section \<open>Logarithmic solutions\<close>

lemma holomorphic_eq_off_nonpos_Reals:
  assumes f: "f holomorphic_on ball 0 r" and g: "g holomorphic_on ball 0 r"
    and eq: "\<And>z. z \<in> ball 0 r \<Longrightarrow> z \<notin> \<real>\<^sub>\<le>\<^sub>0 \<Longrightarrow> f z = g z" and z: "z \<in> ball 0 r"
  shows "f z = g z"
proof (rule analytic_continuation_open[OF _ open_ball _ connected_ball _ f g _ z])
  define S :: "complex set" where "S = ball 0 r - \<real>\<^sub>\<le>\<^sub>0"
  have "r > 0" using z norm_ge_zero[of z] by (simp only: mem_ball dist_0_norm)
  hence "complex_of_real (r / 2) \<in> S" by (auto simp: S_def complex_nonpos_Reals_iff)
  thus "S \<noteq> {}" by blast
  show "open S" unfolding S_def by (intro open_Diff) auto
  show "S \<subseteq> ball 0 r" unfolding S_def by blast
  show "f w = g w" if "w \<in> S" for w
    using that eq by (auto simp: S_def)
qed

lemma deriv_Ln: "z \<notin> \<real>\<^sub>\<le>\<^sub>0 \<Longrightarrow> deriv Ln z = 1 / z"
  using DERIV_imp_deriv[OF has_field_derivative_Ln] by (simp add: divide_inverse)

lemma deriv2_Ln:
  assumes z: "z \<notin> \<real>\<^sub>\<le>\<^sub>0"
  shows "deriv (deriv Ln) z = - 1 / z ^ 2"
proof -
  have "eventually (\<lambda>w. w \<in> - \<real>\<^sub>\<le>\<^sub>0) (nhds z)"
    using z by (intro eventually_nhds_in_open) auto
  hence "eventually (\<lambda>w. deriv Ln w = inverse w) (nhds z)"
    by eventually_elim (simp add: deriv_Ln divide_inverse)
  hence "deriv (deriv Ln) z = deriv inverse z" by (rule deriv_cong_ev) simp
  also have "\<dots> = - 1 / z ^ 2"
    using z by (intro DERIV_imp_deriv) (auto intro!: derivative_eq_intros simp: power2_eq_square divide_inverse)
  finally show ?thesis .
qed

lemma hyp_op_Ln_partner:
  assumes f: "f holomorphic_on ball 0 r" and g: "g holomorphic_on ball 0 r"
    and eqf: "\<And>z. z \<in> ball 0 r \<Longrightarrow> hyp_op a0 a1 a2 f z = 0"
    and eq: "\<And>z. z \<in> ball 0 r \<Longrightarrow> z \<notin> \<real>\<^sub>\<le>\<^sub>0 \<Longrightarrow> hyp_op a0 a1 a2 (\<lambda>w. f w * Ln w + g w) z = 0"
    and z: "z \<in> ball 0 r"
  shows "hyp_op a0 a1 a2 g z = - 2 * euler_op f z + a0 * z * (2 * euler_op f z + (a1 + a2) * f z)"
proof (rule holomorphic_eq_off_nonpos_Reals[OF _ _ _ z])
  show "hyp_op a0 a1 a2 g holomorphic_on ball 0 r" by (rule holomorphic_on_hyp_op[OF g open_ball])
  show "(\<lambda>z. - 2 * euler_op f z + a0 * z * (2 * euler_op f z + (a1 + a2) * f z)) holomorphic_on ball 0 r"
    using holomorphic_on_euler_op[OF f open_ball] f by (intro holomorphic_intros)
  fix z :: complex assume z: "z \<in> ball 0 r" "z \<notin> \<real>\<^sub>\<le>\<^sub>0"
  define S :: "complex set" where "S = ball 0 r - \<real>\<^sub>\<le>\<^sub>0"
  have S: "open S" "z \<in> S" using z by (auto simp: S_def intro: closed_nonpos_Reals_complex)
  have "0 = hyp_op a0 a1 a2 (\<lambda>w. f w * Ln w + g w) z" using eq z by simp
  also have "\<dots> = hyp_op a0 a1 a2 g z
     + (1 - a0 * z) * z^2 * (2 * deriv f z * (1 / z) + f z * (- 1 / z^2))
     + z * f z * (1 / z) * (1 - a0 * z * (1 + a1 + a2))"
  proof -
    have "f holomorphic_on S" "g holomorphic_on S" "Ln holomorphic_on S"
      using f g by (auto simp: S_def intro: holomorphic_on_subset holomorphic_on_Ln)
    thus ?thesis using hyp_op_mult_add[of f S Ln g, OF _ _ _ S] eqf z by (simp add: deriv_Ln deriv2_Ln)
  qed
  also have "\<dots> = hyp_op a0 a1 a2 g z - (- 2 * euler_op f z + a0 * z * (2 * euler_op f z + (a1 + a2) * f z))"
    using z by (auto simp: euler_op_def field_simps power2_eq_square)
  finally show "hyp_op a0 a1 a2 g z = - 2 * euler_op f z + a0 * z * (2 * euler_op f z + (a1 + a2) * f z)"
    by simp
qed

lemma one_minus_notin_nonpos_Reals:
  fixes z :: complex
  assumes "norm z < 1"
  shows "1 - z \<notin> \<real>\<^sub>\<le>\<^sub>0"
proof -
  have "Re (1 - z) > 0" using assms complex_Re_le_cmod[of z] by simp
  thus ?thesis by (auto simp: complex_nonpos_Reals_iff)
qed

lemma has_field_derivative_Ln_one_minus:
  assumes "norm (a0 * w) < 1"
  shows "((\<lambda>w. Ln (1 - a0 * w)) has_field_derivative - a0 / (1 - a0 * w)) (at w)"
  using assms by (auto intro!: derivative_eq_intros one_minus_notin_nonpos_Reals simp: field_simps)

lemma deriv2_Ln_one_minus:
  assumes w: "norm (a0 * w) < 1"
  shows "deriv (deriv (\<lambda>w. Ln (1 - a0 * w))) w = - (a0 ^ 2) / (1 - a0 * w) ^ 2"
proof -
  have "open {w. norm (a0 * w) < 1}"
    by (intro open_Collect_less continuous_intros)
  hence "eventually (\<lambda>w. norm (a0 * w) < 1) (nhds w)"
    using eventually_nhds_in_open w by fastforce
  hence "eventually (\<lambda>w. deriv (\<lambda>w. Ln (1 - a0 * w)) w = - a0 / (1 - a0 * w)) (nhds w)"
    by eventually_elim (rule DERIV_imp_deriv[OF has_field_derivative_Ln_one_minus])
  hence "deriv (deriv (\<lambda>w. Ln (1 - a0 * w))) w = deriv (\<lambda>w. - a0 / (1 - a0 * w)) w"
    by (rule deriv_cong_ev) simp
  also have "\<dots> = - (a0 ^ 2) / (1 - a0 * w) ^ 2"
  proof (rule DERIV_imp_deriv)
    have "1 - a0 * w \<noteq> 0" using w by auto
    thus "((\<lambda>w. - a0 / (1 - a0 * w)) has_field_derivative - (a0 ^ 2) / (1 - a0 * w) ^ 2) (at w)"
      by (auto intro!: derivative_eq_intros simp: power2_eq_square field_simps)
  qed
  finally show ?thesis .
qed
--------
● **Exercise**:
Write out the records exactly, starting at the first line and stopping after the line that contains "(\<lambda>w. w \<in>".

● **Task answer**:
section \<open>Logarithmic solutions\<close>

lemma holomorphic_eq_off_nonpos_Reals:
  assumes f: "f holomorphic_on ball 0 r" and g: "g holomorphic_on ball 0 r"
    and eq: "\<And>z. z \<in> ball 0 r \<Longrightarrow> z \<notin> \<real>\<^sub>\<le>\<^sub>0 \<Longrightarrow> f z = g z" and z: "z \<in> ball 0 r"
  shows "f z = g z"
proof (rule analytic_continuation_open[OF _ open_ball _ connected_ball _ f g _ z])
  define S :: "complex set" where "S = ball 0 r - \<real>\<^sub>\<le>\<^sub>0"
  have "r > 0" using z norm_ge_zero[of z] by (simp only: mem_ball dist_0_norm)
  hence "complex_of_real (r / 2) \<in> S" by (auto simp: S_def complex_nonpos_Reals_iff)
  thus "S \<noteq> {}" by blast
  show "open S" unfolding S_def by (intro open_Diff) auto
  show "S \<subseteq> ball 0 r" unfolding S_def by blast
  show "f w = g w" if "w \<in> S" for w
    using that eq by (auto simp: S_def)
qed

lemma deriv_Ln: "z \<notin> \<real>\<^sub>\<le>\<^sub>0 \<Longrightarrow> deriv Ln z = 1 / z"
  using DERIV_imp_deriv[OF has_field_derivative_Ln] by (simp add: divide_inverse)

lemma deriv2_Ln:
  assumes z: "z \<notin> \<real>\<^sub>\<le>\<^sub>0"
  shows "deriv (deriv Ln) z = - 1 / z ^ 2"
proof -
  have "eventually (\<lambda>w. w \<in> - \<real>\<^sub>\<le>\<^sub>0) (nhds z)"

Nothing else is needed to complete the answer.